_Required action_
Lines below starting with the line with "unfolding u_def by" and going on through the line with "PPA by simp" must be output exactly; the rest of the records must be left out.

_Records for processing_
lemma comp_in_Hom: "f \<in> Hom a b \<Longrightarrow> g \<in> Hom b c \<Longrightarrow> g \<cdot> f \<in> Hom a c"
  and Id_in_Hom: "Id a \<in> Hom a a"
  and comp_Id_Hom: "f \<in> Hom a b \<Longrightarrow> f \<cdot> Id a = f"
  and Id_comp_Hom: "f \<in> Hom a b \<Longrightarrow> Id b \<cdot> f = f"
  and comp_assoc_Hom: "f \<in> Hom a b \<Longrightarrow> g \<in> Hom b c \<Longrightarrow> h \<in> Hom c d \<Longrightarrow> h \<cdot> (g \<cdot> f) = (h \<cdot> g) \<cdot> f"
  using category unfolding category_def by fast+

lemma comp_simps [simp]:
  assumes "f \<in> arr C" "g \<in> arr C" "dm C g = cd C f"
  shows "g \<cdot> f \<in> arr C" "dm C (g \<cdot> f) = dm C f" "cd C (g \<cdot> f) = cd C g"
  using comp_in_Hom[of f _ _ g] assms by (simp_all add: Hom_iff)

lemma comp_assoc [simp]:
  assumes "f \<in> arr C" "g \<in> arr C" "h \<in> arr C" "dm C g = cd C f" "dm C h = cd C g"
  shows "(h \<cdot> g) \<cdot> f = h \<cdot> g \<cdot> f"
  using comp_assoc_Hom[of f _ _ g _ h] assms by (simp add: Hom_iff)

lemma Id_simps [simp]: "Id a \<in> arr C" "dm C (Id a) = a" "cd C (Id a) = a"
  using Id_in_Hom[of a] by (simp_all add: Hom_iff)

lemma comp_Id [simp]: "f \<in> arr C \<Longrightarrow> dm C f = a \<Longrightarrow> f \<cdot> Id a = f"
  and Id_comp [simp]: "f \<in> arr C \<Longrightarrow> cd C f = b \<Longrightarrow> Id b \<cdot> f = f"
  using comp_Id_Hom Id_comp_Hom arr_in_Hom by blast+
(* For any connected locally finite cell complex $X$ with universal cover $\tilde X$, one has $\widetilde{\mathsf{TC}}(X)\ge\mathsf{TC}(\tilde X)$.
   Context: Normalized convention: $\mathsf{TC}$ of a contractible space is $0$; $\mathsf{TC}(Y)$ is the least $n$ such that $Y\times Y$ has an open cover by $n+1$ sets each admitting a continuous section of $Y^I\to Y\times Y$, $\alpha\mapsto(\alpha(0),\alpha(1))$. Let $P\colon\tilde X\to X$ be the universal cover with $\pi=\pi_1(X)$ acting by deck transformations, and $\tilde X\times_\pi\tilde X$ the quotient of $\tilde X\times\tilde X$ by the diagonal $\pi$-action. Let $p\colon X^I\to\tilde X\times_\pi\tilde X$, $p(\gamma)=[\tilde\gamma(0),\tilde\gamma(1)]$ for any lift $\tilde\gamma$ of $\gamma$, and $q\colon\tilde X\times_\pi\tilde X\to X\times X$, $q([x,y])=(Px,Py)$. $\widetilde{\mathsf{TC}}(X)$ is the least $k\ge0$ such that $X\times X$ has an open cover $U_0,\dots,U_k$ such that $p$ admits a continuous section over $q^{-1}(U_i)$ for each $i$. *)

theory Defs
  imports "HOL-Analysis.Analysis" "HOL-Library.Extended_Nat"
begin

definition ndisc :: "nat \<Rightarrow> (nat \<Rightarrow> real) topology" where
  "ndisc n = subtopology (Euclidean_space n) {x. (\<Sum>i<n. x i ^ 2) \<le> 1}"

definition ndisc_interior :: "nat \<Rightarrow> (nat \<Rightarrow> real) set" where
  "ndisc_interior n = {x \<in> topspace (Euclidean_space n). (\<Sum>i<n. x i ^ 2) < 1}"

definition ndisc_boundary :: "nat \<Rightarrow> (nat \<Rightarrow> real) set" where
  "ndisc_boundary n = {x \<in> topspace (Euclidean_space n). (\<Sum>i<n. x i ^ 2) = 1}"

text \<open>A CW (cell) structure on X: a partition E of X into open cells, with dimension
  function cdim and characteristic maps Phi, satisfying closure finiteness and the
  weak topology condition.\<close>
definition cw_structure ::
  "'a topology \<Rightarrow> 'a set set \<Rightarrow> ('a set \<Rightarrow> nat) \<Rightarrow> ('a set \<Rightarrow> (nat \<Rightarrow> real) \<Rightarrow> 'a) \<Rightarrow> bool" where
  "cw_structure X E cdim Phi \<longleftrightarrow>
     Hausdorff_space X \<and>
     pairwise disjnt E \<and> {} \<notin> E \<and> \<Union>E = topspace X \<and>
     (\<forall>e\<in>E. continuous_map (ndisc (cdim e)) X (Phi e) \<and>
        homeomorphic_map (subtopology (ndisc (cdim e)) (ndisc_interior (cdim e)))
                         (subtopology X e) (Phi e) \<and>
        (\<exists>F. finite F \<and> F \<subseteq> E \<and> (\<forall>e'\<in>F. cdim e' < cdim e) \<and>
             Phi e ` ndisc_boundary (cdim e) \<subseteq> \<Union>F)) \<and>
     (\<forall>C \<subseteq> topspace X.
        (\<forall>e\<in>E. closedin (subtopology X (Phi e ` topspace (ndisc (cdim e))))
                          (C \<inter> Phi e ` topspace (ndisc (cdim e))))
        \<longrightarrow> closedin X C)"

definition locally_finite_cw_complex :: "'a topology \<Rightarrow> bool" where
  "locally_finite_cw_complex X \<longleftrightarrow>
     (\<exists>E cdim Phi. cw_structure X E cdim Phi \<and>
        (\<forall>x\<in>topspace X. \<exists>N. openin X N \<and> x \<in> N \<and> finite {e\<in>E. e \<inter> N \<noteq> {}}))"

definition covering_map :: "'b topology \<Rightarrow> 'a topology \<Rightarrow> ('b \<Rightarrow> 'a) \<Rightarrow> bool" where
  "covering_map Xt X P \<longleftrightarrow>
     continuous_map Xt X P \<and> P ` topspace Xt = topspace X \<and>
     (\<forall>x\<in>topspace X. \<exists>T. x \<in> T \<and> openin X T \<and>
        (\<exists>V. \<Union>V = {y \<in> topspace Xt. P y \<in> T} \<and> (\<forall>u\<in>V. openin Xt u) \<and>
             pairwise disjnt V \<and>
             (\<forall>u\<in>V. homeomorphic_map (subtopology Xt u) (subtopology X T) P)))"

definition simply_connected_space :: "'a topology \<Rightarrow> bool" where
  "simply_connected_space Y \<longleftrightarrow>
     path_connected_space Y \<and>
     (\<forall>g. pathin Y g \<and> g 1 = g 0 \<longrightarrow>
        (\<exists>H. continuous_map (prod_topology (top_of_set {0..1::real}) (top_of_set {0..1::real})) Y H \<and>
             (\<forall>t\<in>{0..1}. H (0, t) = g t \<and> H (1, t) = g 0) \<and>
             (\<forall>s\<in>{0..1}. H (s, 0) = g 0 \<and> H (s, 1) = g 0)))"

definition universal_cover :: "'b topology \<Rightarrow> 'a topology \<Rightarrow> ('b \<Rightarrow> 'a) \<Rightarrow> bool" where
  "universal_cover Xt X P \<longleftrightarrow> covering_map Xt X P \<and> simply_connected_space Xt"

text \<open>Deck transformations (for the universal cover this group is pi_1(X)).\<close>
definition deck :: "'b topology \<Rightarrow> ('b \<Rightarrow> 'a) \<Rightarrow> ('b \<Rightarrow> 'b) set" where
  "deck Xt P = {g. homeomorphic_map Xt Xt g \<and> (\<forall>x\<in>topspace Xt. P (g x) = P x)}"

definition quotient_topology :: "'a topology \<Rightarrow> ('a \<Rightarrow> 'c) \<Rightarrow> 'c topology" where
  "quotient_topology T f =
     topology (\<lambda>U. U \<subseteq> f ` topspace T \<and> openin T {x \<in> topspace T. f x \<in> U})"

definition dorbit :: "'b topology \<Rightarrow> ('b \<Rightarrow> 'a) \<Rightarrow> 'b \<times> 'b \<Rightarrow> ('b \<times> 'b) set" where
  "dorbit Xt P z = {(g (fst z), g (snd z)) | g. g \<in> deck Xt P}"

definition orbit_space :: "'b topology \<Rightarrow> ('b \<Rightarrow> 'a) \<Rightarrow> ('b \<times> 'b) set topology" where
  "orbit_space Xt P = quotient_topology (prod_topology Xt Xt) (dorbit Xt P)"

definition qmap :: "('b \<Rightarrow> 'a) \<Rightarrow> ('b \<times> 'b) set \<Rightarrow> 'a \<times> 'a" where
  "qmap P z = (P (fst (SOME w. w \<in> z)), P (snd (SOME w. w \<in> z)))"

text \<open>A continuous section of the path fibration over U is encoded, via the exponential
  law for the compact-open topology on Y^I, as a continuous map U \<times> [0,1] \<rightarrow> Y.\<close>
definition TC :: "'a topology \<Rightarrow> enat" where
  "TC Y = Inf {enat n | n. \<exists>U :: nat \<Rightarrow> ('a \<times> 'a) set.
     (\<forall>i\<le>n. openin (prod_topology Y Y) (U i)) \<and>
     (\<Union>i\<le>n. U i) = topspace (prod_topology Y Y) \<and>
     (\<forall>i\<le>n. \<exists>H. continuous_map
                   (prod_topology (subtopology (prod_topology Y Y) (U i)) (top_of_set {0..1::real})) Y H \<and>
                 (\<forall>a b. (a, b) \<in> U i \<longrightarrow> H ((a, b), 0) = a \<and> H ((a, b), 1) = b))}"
...
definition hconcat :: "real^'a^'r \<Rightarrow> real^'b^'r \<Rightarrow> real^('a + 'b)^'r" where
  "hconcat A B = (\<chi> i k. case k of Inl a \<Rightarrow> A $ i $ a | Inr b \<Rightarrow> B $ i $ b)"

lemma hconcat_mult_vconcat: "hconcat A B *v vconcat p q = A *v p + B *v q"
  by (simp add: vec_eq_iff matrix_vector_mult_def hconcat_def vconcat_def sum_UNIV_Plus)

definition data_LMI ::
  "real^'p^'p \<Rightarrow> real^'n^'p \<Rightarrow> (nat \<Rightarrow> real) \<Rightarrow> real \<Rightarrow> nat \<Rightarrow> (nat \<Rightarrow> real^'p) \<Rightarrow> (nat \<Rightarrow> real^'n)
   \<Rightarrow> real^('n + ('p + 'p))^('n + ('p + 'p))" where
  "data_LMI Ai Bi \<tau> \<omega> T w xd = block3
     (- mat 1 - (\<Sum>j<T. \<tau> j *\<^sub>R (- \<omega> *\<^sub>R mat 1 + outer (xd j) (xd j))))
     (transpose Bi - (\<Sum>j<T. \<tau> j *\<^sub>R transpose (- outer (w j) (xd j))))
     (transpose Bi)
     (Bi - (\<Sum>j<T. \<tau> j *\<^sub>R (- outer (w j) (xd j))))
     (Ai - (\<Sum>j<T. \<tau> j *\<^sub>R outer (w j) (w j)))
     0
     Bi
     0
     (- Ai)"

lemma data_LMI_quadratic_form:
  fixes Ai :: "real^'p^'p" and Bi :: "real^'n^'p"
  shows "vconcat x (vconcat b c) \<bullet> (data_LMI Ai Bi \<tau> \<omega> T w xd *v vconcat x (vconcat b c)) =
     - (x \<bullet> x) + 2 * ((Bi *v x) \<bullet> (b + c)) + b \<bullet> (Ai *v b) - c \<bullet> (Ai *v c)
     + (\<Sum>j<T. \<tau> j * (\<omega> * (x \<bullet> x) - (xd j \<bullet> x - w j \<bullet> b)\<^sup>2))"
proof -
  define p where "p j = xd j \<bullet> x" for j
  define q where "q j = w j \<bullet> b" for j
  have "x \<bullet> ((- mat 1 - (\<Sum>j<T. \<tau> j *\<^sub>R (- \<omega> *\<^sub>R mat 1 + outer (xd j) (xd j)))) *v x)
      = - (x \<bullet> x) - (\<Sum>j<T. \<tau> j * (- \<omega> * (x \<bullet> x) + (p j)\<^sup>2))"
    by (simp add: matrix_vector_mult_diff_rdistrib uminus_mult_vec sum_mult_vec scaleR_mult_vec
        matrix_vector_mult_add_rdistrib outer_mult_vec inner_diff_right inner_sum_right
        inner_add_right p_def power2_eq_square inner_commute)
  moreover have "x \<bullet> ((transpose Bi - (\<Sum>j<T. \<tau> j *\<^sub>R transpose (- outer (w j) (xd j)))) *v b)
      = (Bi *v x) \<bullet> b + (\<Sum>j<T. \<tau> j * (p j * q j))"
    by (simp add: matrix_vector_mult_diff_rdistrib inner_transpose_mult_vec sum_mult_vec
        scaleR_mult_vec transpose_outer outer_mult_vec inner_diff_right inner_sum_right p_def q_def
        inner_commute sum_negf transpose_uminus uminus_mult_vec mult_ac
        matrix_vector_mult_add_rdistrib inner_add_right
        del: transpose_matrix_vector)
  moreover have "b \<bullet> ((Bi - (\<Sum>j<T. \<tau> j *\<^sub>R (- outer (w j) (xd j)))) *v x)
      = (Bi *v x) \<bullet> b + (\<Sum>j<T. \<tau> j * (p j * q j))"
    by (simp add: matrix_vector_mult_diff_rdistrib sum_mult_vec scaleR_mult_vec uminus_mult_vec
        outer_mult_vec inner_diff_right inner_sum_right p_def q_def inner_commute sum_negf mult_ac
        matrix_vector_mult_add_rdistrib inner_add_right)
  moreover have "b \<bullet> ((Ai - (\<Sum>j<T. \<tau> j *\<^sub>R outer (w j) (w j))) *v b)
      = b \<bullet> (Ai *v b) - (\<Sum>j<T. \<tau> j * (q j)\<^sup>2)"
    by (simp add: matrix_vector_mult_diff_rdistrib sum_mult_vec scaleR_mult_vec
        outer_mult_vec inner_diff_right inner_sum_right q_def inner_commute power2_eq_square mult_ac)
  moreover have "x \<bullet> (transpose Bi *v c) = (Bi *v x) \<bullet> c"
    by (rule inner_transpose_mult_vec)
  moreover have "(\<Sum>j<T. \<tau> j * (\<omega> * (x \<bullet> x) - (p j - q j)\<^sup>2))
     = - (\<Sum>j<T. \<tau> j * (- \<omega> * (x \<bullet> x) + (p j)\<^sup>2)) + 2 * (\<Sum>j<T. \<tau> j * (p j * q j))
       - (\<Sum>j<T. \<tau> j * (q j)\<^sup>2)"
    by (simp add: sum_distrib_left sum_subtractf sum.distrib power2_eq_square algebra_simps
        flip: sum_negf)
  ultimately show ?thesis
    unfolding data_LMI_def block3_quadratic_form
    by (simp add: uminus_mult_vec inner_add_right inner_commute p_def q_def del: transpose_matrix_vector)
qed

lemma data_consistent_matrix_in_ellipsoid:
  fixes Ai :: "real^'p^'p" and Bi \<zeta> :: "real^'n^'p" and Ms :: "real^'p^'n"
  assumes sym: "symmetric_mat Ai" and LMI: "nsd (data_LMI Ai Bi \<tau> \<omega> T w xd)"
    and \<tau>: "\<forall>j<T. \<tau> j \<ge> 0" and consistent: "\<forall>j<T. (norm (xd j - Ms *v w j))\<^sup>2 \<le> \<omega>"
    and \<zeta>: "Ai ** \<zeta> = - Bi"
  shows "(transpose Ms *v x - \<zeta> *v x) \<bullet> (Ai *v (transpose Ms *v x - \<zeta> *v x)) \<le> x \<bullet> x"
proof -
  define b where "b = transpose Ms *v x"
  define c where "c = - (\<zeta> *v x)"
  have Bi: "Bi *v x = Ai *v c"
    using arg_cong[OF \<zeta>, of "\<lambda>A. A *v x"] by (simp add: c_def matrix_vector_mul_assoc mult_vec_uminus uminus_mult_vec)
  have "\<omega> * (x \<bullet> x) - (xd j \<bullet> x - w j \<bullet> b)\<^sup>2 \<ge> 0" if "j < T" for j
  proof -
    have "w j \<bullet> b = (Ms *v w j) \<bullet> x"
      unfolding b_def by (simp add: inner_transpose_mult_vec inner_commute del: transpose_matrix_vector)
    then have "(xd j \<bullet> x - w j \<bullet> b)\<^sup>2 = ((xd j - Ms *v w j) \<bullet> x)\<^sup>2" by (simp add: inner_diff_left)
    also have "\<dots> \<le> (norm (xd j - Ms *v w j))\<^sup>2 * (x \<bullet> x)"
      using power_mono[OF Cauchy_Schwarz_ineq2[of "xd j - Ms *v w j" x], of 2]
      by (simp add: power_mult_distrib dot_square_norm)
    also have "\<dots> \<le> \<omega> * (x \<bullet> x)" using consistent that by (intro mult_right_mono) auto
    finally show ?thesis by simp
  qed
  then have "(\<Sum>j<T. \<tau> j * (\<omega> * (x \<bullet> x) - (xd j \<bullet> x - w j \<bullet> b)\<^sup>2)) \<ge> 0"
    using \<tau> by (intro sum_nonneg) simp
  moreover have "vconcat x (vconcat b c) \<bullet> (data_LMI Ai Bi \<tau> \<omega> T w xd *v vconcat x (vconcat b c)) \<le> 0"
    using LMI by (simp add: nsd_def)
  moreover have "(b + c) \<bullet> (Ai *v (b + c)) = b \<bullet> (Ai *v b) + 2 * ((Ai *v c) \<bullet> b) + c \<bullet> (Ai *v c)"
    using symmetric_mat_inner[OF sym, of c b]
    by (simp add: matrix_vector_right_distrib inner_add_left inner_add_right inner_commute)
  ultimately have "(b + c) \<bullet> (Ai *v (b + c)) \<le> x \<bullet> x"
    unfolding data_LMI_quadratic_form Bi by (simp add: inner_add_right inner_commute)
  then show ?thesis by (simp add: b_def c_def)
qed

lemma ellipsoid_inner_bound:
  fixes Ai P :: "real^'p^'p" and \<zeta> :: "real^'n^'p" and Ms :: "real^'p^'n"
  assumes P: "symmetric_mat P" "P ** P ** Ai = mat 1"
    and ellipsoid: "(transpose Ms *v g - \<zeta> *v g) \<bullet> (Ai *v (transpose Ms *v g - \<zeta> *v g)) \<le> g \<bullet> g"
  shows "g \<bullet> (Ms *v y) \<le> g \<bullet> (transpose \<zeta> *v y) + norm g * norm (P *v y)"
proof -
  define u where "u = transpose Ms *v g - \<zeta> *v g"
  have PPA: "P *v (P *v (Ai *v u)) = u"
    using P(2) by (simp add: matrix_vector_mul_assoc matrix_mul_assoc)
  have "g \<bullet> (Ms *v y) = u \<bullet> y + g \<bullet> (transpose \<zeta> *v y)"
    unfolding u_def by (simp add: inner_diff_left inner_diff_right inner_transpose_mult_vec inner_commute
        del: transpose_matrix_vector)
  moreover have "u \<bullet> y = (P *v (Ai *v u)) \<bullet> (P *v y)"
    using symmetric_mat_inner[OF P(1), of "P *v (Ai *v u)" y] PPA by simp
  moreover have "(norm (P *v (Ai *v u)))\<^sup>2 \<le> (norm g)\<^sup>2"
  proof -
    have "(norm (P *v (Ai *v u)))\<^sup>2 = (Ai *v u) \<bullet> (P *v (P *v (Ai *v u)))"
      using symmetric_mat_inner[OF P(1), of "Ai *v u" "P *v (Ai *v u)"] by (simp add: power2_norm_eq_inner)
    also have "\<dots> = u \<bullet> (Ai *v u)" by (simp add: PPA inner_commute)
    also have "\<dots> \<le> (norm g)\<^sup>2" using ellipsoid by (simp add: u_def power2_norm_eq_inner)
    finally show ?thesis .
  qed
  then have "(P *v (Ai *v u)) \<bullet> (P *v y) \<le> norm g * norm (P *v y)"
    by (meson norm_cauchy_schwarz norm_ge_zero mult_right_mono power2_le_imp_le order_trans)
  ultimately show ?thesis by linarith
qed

_Response_
    unfolding u_def by (simp add: inner_diff_left inner_diff_right inner_transpose_mult_vec inner_commute
        del: transpose_matrix_vector)
  moreover have "u \<bullet> y = (P *v (Ai *v u)) \<bullet> (P *v y)"
    using symmetric_mat_inner[OF P(1), of "P *v (Ai *v u)" y] PPA by simp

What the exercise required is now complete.